Fourteen publishers have sued Canadia artificial intelligence firm Cohere for widespread unauthorized use of their content in developing and running its generative AI systems, alleging massive, systematic copyright and trademark infringement.
It’s the latest legal salvo in the battle between content providers and generative AI models that digest their text and spit it back to users often word for word, including articles behind a paywall.

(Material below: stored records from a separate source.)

lemma is_pinv_left_mult_unique:
  assumes X: "is_pinv A X" and Y: "is_pinv A Y"
  shows "A * X = A * Y"
proof -
  obtain r c where A: "A \<in> carrier_mat r c"
    by (rule that[OF carrier_matI[OF refl refl]])
  have Xc: "X \<in> carrier_mat c r" and Yc: "Y \<in> carrier_mat c r"
    using is_pinv_carrier[OF X] is_pinv_carrier[OF Y] carrier_matD[OF A] by simp_all
  have AT: "transpose_mat A \<in> carrier_mat c r" and XT: "transpose_mat X \<in> carrier_mat r c"
    using A Xc by auto
  have AY: "A * Y \<in> carrier_mat r r" using A Yc by simp
  have ATAY: "transpose_mat A = transpose_mat A * (A * Y)"
  proof -
    have "transpose_mat A = transpose_mat (A * Y * A)"
      using Y by (simp add: is_pinv_def)
    also have "\<dots> = transpose_mat A * transpose_mat (A * Y)"
      by (rule transpose_mult[OF AY A])
    finally show ?thesis
      using Y by (simp add: is_pinv_def)
  qed
  have "A * X = transpose_mat X * transpose_mat A"
    using X transpose_mult[OF A Xc] by (simp add: is_pinv_def)
  also have "\<dots> = (transpose_mat X * transpose_mat A) * (A * Y)"
    by (subst ATAY) (rule assoc_mult_mat[OF XT AT AY, symmetric])
  also have "transpose_mat X * transpose_mat A = A * X"
    using X transpose_mult[OF A Xc] by (simp add: is_pinv_def)
  also have "(A * X) * (A * Y) = (A * X * A) * Y"
    using assoc_mult_mat[OF mult_carrier_mat[OF A Xc] A Yc] by simp
  also have "\<dots> = A * Y"
    using X by (simp add: is_pinv_def)
  finally show ?thesis .
qed

lemma is_pinv_unique:
  assumes X: "is_pinv A X" and Y: "is_pinv A Y"
  shows "X = Y"
proof -
  obtain r c where A: "A \<in> carrier_mat r c"
    by (rule that[OF carrier_matI[OF refl refl]])
  have Xc: "X \<in> carrier_mat c r" and Yc: "Y \<in> carrier_mat c r"
    using is_pinv_carrier[OF X] is_pinv_carrier[OF Y] carrier_matD[OF A] by simp_all
  have "transpose_mat (X * A) = transpose_mat (Y * A)"
    using is_pinv_left_mult_unique[OF is_pinv_transpose[OF X] is_pinv_transpose[OF Y]]
    by (simp add: transpose_mult[OF Xc A] transpose_mult[OF Yc A])
  then have XA: "X * A = Y * A"
    by (metis Matrix.transpose_transpose)
  have "X = X * A * X"
    using X by (simp add: is_pinv_def)
  also have "\<dots> = X * (A * Y)"
    using assoc_mult_mat[OF Xc A Xc] is_pinv_left_mult_unique[OF X Y] by simp
  also have "\<dots> = Y * A * Y"
    using assoc_mult_mat[OF Xc A Yc] XA by simp
  also have "\<dots> = Y"
    using Y by (simp add: is_pinv_def)
  finally show ?thesis .
qed

lemma pinv_eqI: "is_pinv A X \<Longrightarrow> pinv A = X"
  unfolding pinv_def by (blast intro: is_pinv_unique)

lemma minus_zero_mat [simp]:
  "(A :: 'a :: group_add mat) \<in> carrier_mat nr nc \<Longrightarrow> A - 0\<^sub>m nr nc = A"
  by (intro eq_matI) auto

lemma mat_eq_minus_of_add_eq:
  fixes A B C :: "'a :: ab_group_add mat"
  assumes "A \<in> carrier_mat nr nc" "B \<in> carrier_mat nr nc" "A + B = C"
  shows "A = C - B"
  using assms unfolding assms(3)[symmetric] by (intro eq_matI) auto

lemma is_pinv_inverse_plus_projection:
  fixes A P M :: "real mat"
  assumes A: "A \<in> carrier_mat n n" and P: "P \<in> carrier_mat n n" and M: "M \<in> carrier_mat n n"
    and PT: "transpose_mat P = P" and AP: "A * P = 0\<^sub>m n n" and PA: "P * A = 0\<^sub>m n n"
    and PP: "P * P = P" and MAP: "M * (A + P) = 1\<^sub>m n" and APM: "(A + P) * M = 1\<^sub>m n"
  shows "is_pinv A (M - P)" and "(M - P) * A = 1\<^sub>m n - P"
proof -
  have AP_c: "A + P \<in> carrier_mat n n" using A P by simp
  have MP: "M * P = P"
  proof -
    have "(A + P) * P = P" using add_mult_distrib_mat[OF A P P] AP PP P by simp
    then have "M * P = (M * (A + P)) * P" using assoc_mult_mat[OF M AP_c P] by simp
    then show ?thesis using MAP P by simp
  qed
  have PM: "P * M = P"
  proof -
    have "P * (A + P) = P" using mult_add_distrib_mat[OF P A P] PA PP P by simp
    then have "P * M = P * ((A + P) * M)" using assoc_mult_mat[OF P AP_c M] by simp
    then show ?thesis using APM P by simp
  qed
  have MA: "M * A = 1\<^sub>m n - P"
    using mat_eq_minus_of_add_eq[of "M * A" n n P] mult_add_distrib_mat[OF M A P] MAP MP M A P
    by simp
  have AM: "A * M = 1\<^sub>m n - P"
    using mat_eq_minus_of_add_eq[of "A * M" n n P] add_mult_distrib_mat[OF A P M] APM PM M A P
    by simp
  define X where "X = M - P"
  have X: "X \<in> carrier_mat n n" unfolding X_def using P by (rule minus_carrier_mat)
  have Q: "1\<^sub>m n - P \<in> carrier_mat n n" using P by (rule minus_carrier_mat)
  have XA: "X * A = 1\<^sub>m n - P"
    unfolding X_def using minus_mult_distrib_mat[OF M P A] MA PA Q by simp
  have AX: "A * X = 1\<^sub>m n - P"
    unfolding X_def using mult_minus_distrib_mat[OF A M P] AM AP Q by simp
  have PX: "P * X = 0\<^sub>m n n"
    unfolding X_def using mult_minus_distrib_mat[OF P M P] PM PP P by simp
  have "(1\<^sub>m n - P) * A = A"
    using minus_mult_distrib_mat[OF one_carrier_mat P A] PA A by simp
  moreover have "(1\<^sub>m n - P) * X = X"
    using minus_mult_distrib_mat[OF one_carrier_mat P X] PX X by simp
  moreover have "transpose_mat (1\<^sub>m n - P) = 1\<^sub>m n - P"
    using transpose_minus[OF one_carrier_mat P] PT by simp
  ultimately show "is_pinv A X" and "X * A = 1\<^sub>m n - P"
    unfolding is_pinv_def using A X XA AX by auto
qed

lemma mean_proj_mult_laplacian_plus_mean_proj:
  assumes "simple_graph_edges n Es" and "n > 0"
  shows "mean_proj n * (laplacian n Es + mean_proj n) = mean_proj n"
  using mult_add_distrib_mat[OF mean_proj_carrier laplacian_carrier mean_proj_carrier]
  by (simp add: mean_proj_mult_laplacian[OF assms(1)] mean_proj_idempotent[OF assms(2)])

lemma laplacian_plus_mean_proj_kernel:
  assumes sg: "simple_graph_edges n Es" and cg: "connected_graph n Es" and n: "n > 0"
    and x: "x \<in> carrier_vec n" and Mx: "(laplacian n Es + mean_proj n) *\<^sub>v x = 0\<^sub>v n"
  shows "x = 0\<^sub>v n"
proof -
  have LP: "laplacian n Es + mean_proj n \<in> carrier_mat n n" by simp
  have "mean_proj n *\<^sub>v x = mean_proj n *\<^sub>v ((laplacian n Es + mean_proj n) *\<^sub>v x)"
    using assoc_mult_mat_vec[OF mean_proj_carrier LP x]
    by (simp add: mean_proj_mult_laplacian_plus_mean_proj[OF sg n])
  also have "\<dots> = 0\<^sub>v n"
    unfolding Mx by (intro eq_vecI) auto
  finally have Px: "mean_proj n *\<^sub>v x = 0\<^sub>v n" .
  have "laplacian n Es *\<^sub>v x + mean_proj n *\<^sub>v x = 0\<^sub>v n"
    using Mx add_mult_distrib_mat_vec[OF laplacian_carrier mean_proj_carrier x] by simp
  then have Lx: "laplacian n Es *\<^sub>v x = 0\<^sub>v n"
    unfolding Px using mult_mat_vec_carrier[OF laplacian_carrier x] by simp
  have const: "x $ i = x $ 0" if "i < n" for i
    using laplacian_kernel_const[OF sg cg x Lx that n] .
  have "(\<Sum>j<n. x $ j) / real n = (mean_proj n *\<^sub>v x) $ 0"
    by (rule mean_proj_mult_vec[OF x n, symmetric])
  also have "\<dots> = 0"
    unfolding Px using n by simp
  finally have "(\<Sum>j<n. x $ j) / real n = 0" .
  moreover have "(\<Sum>j<n. x $ j) = (\<Sum>j<n. x $ 0)"
    by (rule sum.cong) (auto intro: const)
  ultimately have x0: "x $ 0 = 0"
    using n by simp
  show ?thesis
  proof (intro eq_vecI)
    fix i assume "i < dim_vec (0\<^sub>v n :: real vec)"
    then show "x $ i = 0\<^sub>v n $ i"
      using const[of i] x0 by simp
  qed (use x in simp)
qed

lemma laplacian_plus_mean_proj_invertible:
  assumes "simple_graph_edges n Es" and "connected_graph n Es" and "n > 0"
  obtains M where "M \<in> carrier_mat n n"
    and "M * (laplacian n Es + mean_proj n) = 1\<^sub>m n" and "(laplacian n Es + mean_proj n) * M = 1\<^sub>m n"
proof -
  have LP: "laplacian n Es + mean_proj n \<in> carrier_mat n n" by simp
  have "det (laplacian n Es + mean_proj n) \<noteq> 0"
    using det_0_iff_vec_prod_zero[OF LP] laplacian_plus_mean_proj_kernel[OF assms] by blast
  from det_non_zero_imp_unit[OF LP this, of "()"]
  show ?thesis
    using that unfolding Units_def ring_mat_def by auto
qed

lemma pinv_laplacian:
  assumes "simple_graph_edges n Es" and "connected_graph n Es" and "n > 0"
  shows "pinv (laplacian n Es) \<in> carrier_mat n n"
    and "pinv (laplacian n Es) * laplacian n Es = 1\<^sub>m n - mean_proj n"
proof -
  obtain M where M: "M \<in> carrier_mat n n"
    and inv: "M * (laplacian n Es + mean_proj n) = 1\<^sub>m n" "(laplacian n Es + mean_proj n) * M = 1\<^sub>m n"
    using laplacian_plus_mean_proj_invertible[OF assms] .
  note pinv = is_pinv_inverse_plus_projection[OF laplacian_carrier mean_proj_carrier M
      mean_proj_symmetric laplacian_mult_mean_proj[OF assms(1)] mean_proj_mult_laplacian[OF assms(1)]
      mean_proj_idempotent[OF assms(3)] inv]
  have "pinv (laplacian n Es) = M - mean_proj n"
    by (rule pinv_eqI[OF pinv(1)])
  then show "pinv (laplacian n Es) \<in> carrier_mat n n"
    and "pinv (laplacian n Es) * laplacian n Es = 1\<^sub>m n - mean_proj n"
    using pinv(2) by (simp_all add: minus_carrier_mat)
qed

lemma pinv_laplacian_mult_laplacian_vec:
  assumes "simple_graph_edges n Es" and "connected_graph n Es" and "n > 0"
    and x: "x \<in> carrier_vec n" and "(\<Sum>i<n. x $ i) = 0"
  shows "pinv (laplacian n Es) *\<^sub>v (laplacian n Es *\<^sub>v x) = x"
proof -
  have "pinv (laplacian n Es) *\<^sub>v (laplacian n Es *\<^sub>v x) = (1\<^sub>m n - mean_proj n) *\<^sub>v x"
    using assoc_mult_mat_vec[OF pinv_laplacian(1)[OF assms(1-3)] laplacian_carrier[of n Es] x]
    by (simp add: pinv_laplacian(2)[OF assms(1-3)])
  also have "\<dots> = x - mean_proj n *\<^sub>v x"
    using minus_mult_distrib_mat_vec[OF one_carrier_mat mean_proj_carrier x] x by simp
  also have "mean_proj n *\<^sub>v x = 0\<^sub>v n"
    using mean_proj_mult_vec[OF x] assms(5) by (intro eq_vecI) auto
  finally show ?thesis
    using x by simp
qed

section \<open>Binomial tail bounds\<close>

lemma exp_le_quadratic:
  fixes x :: real
  assumes "\<bar>x\<bar> \<le> 1"
  shows "exp x \<le> 1 + x + x\<^sup>2"
proof (cases "x \<ge> 0")
  case True
  then show ?thesis using exp_bound[of x] assms by simp
next
  case False
  define y where "y = - x"
  have y: "0 < y" "y \<le> 1" using False assms unfolding y_def by auto
  have "exp x = 1 / exp y" unfolding y_def by (simp add: exp_minus field_simps)
  also have "\<dots> \<le> 1 / (1 + y)"
    using y exp_ge_add_one_self[of y] by (intro divide_left_mono) auto
  also have "\<dots> \<le> 1 - y + y\<^sup>2"
  proof -
    have "1 \<le> (1 - y + y\<^sup>2) * (1 + y)"
      using y by (simp add: algebra_simps power2_eq_square power3_eq_cube)
    then show ?thesis using y by (simp add: field_simps)
  qed
  also have "\<dots> = 1 + x + x\<^sup>2" unfolding y_def by simp
  finally show ?thesis .
qed

lemma bernoulli_centred_mgf_le:
  fixes p l :: real
  assumes p: "0 \<le> p" "p \<le> 1" and l: "\<bar>l\<bar> \<le> 1"
  shows "p * exp (l * (1 - p)) + (1 - p) * exp (- (l * p)) \<le> 1 + l\<^sup>2 * (p * (1 - p))"
proof -
  have "\<bar>l * (1 - p)\<bar> \<le> 1" and "\<bar>- (l * p)\<bar> \<le> 1"
    using p l by (simp_all add: abs_mult mult_le_one)
  then have "p * exp (l * (1 - p)) + (1 - p) * exp (- (l * p))
      \<le> p * (1 + l * (1 - p) + (l * (1 - p))\<^sup>2) + (1 - p) * (1 + - (l * p) + (- (l * p))\<^sup>2)"
    using p by (intro add_mono mult_left_mono exp_le_quadratic) auto
  also have "\<dots> = 1 + l\<^sup>2 * (p * (1 - p))"
    by (simp add: algebra_simps power2_eq_square)
  finally show ?thesis .
qed
lemma finite_mat_eigenvalues:
  fixes H :: "real^'n^'n"
  assumes "transpose H = H"
  shows "finite {l. mat_eigenvalue H l}"
proof -
  define E where "E = {l. mat_eigenvalue H l}"
  define vec where "vec l = (SOME v. v \<noteq> 0 \<and> H *v v = l *\<^sub>R v)" for l
  have vec: "vec l \<noteq> 0 \<and> H *v vec l = l *\<^sub>R vec l" if "l \<in> E" for l
    unfolding vec_def by (rule someI_ex) (use that in \<open>simp add: E_def mat_eigenvalue_def\<close>)
  have "inj_on vec E"
  proof (rule inj_onI)
    fix a b assume ab: "a \<in> E" "b \<in> E" "vec a = vec b"
    then have "a *\<^sub>R vec a = b *\<^sub>R vec a" using vec by metis
    then show "a = b" using vec[OF ab(1)] by (simp add: scaleR_cancel_right)
  qed
  have "vec a \<bullet> vec b = 0" if "a \<in> E" "b \<in> E" "a \<noteq> b" for a b
  proof -
    have "vec a \<bullet> (H *v vec b) = (vec a v* H) \<bullet> vec b" by (simp add: dot_lmul_matrix)
    also have "vec a v* H = H *v vec a" using assms by (metis vector_transpose_matrix)
    finally have "(H *v vec a) \<bullet> vec b = vec a \<bullet> (H *v vec b)" by simp
    then have "a * (vec a \<bullet> vec b) = b * (vec a \<bullet> vec b)"
      using vec[OF that(1)] vec[OF that(2)] by simp
    then show ?thesis using that(3) by simp
  qed
  then have "pairwise orthogonal (vec ` E)"
    unfolding pairwise_def orthogonal_def by auto
  moreover have "0 \<notin> vec ` E" using vec by auto
  ultimately have "finite (vec ` E)"
    by (intro independent_imp_finite pairwise_orthogonal_independent)
  then show ?thesis using \<open>inj_on vec E\<close> finite_imageD E_def by blast
qed

lemma mat_eigenvalue_le_lambda_max:
  fixes H :: "real^'n^'n"
  assumes "transpose H = H" and "mat_eigenvalue H l"
  shows "l \<le> lambda_max H"
  unfolding lambda_max_def using finite_mat_eigenvalues[OF assms(1)] assms(2) by (simp add: Max_ge)

lemma lambda_min_pos:
  fixes H :: "real^'n^'n"
  assumes "transpose H = H" and "pos_def_mat H" and "mat_eigenvalue H l"
  shows "0 < lambda_min H"
proof -
  have "mat_eigenvalue H (lambda_min H)"
    unfolding lambda_min_def using finite_mat_eigenvalues[OF assms(1)] Min_in assms(3) by blast
  then show ?thesis using mat_eigenvalue_pos[OF assms(2)] by blast
qed

lemma eig_v_Suc:
  "eig_v \<eta> lam (Suc s) = (\<eta> s)^2 + (1 - \<eta> s * lam)^2 * eig_v \<eta> lam s"
  unfolding eig_v_def by (simp add: sum_distrib_left mult_ac)

lemma variance_step_le_max:
  fixes e lam v B c :: real
  assumes "0 < lam" "0 < e" "e * lam \<le> 1" "e \<le> c" "v \<le> max B (c / lam)"
  shows "e^2 + (1 - e * lam)^2 * v \<le> max B (c / lam)"
proof -
  define x where "x = e * lam"
  have x: "0 < x" "x \<le> 1" using assms unfolding x_def by auto
  show ?thesis
  proof (cases "v \<le> e / lam")
    case True
    have "(1 - x)^2 * v \<le> (1 - x)^2 * (e / lam)" using True by (intro mult_left_mono) auto
    moreover have "e^2 + (1 - x)^2 * (e / lam) = e / lam - (e / lam) * (x * (1 - x))"
      unfolding x_def using assms(1) by (simp add: field_simps power2_eq_square)
    moreover have "0 \<le> (e / lam) * (x * (1 - x))" using x assms(1,2) by simp
    moreover have "e / lam \<le> c / lam" using assms by (simp add: divide_right_mono)
    ultimately show ?thesis unfolding x_def by linarith
  next
    case False
    have "e / lam * (x * (2 - x)) \<le> v * (x * (2 - x))"
      using False x by (intro mult_right_mono) auto
    moreover have "e / lam * (x * (2 - x)) = e^2 * (2 - x)"
      unfolding x_def using assms(1) by (simp add: field_simps power2_eq_square)
    moreover have "e^2 \<le> e^2 * (2 - x)" using x by (simp add: mult_le_cancel_left1)
    moreover have "e^2 + (1 - x)^2 * v = v - v * (x * (2 - x)) + e^2"
      by (simp add: algebra_simps power2_eq_square)
    ultimately show ?thesis using assms(5) unfolding x_def by linarith
  qed
qed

The complaint, filed in the Southern District of New York, says Cohere has infringed on thousands of articles and seeks a permanent injunction, jury trial and damages of up to $150k per work infringed. “This is a lawsuit to protect journalism from systematic copyright and trademark infringement,” says the suit by Advance Local Media, Condé Nast, The Atlantic, Forbes Media, The Guardian, Business Insider, LA Times, McClatchy Media Company, Newsday, Plain Dealer Publishing Company, Politico, The Republican Company, Toronto Star Newspapers and Vox Media, all members of trade association News/Media Alliance. “Rather than create its own content, Cohere takes the creative output of Publishers, some of the largest, most enduring, and most important news, magazine, and digital publishers in the United States and around the world.
Without permission or compensation, Cohere uses scraped copies of our articles … to power its artificial intelligence (“AI”) service, which in turn competes with Publisher offerings and the emerging market for AI licensing.” The burgeoning field of generative AI require huge amounts of content to train its models, resulting in increasingly frequent litigation.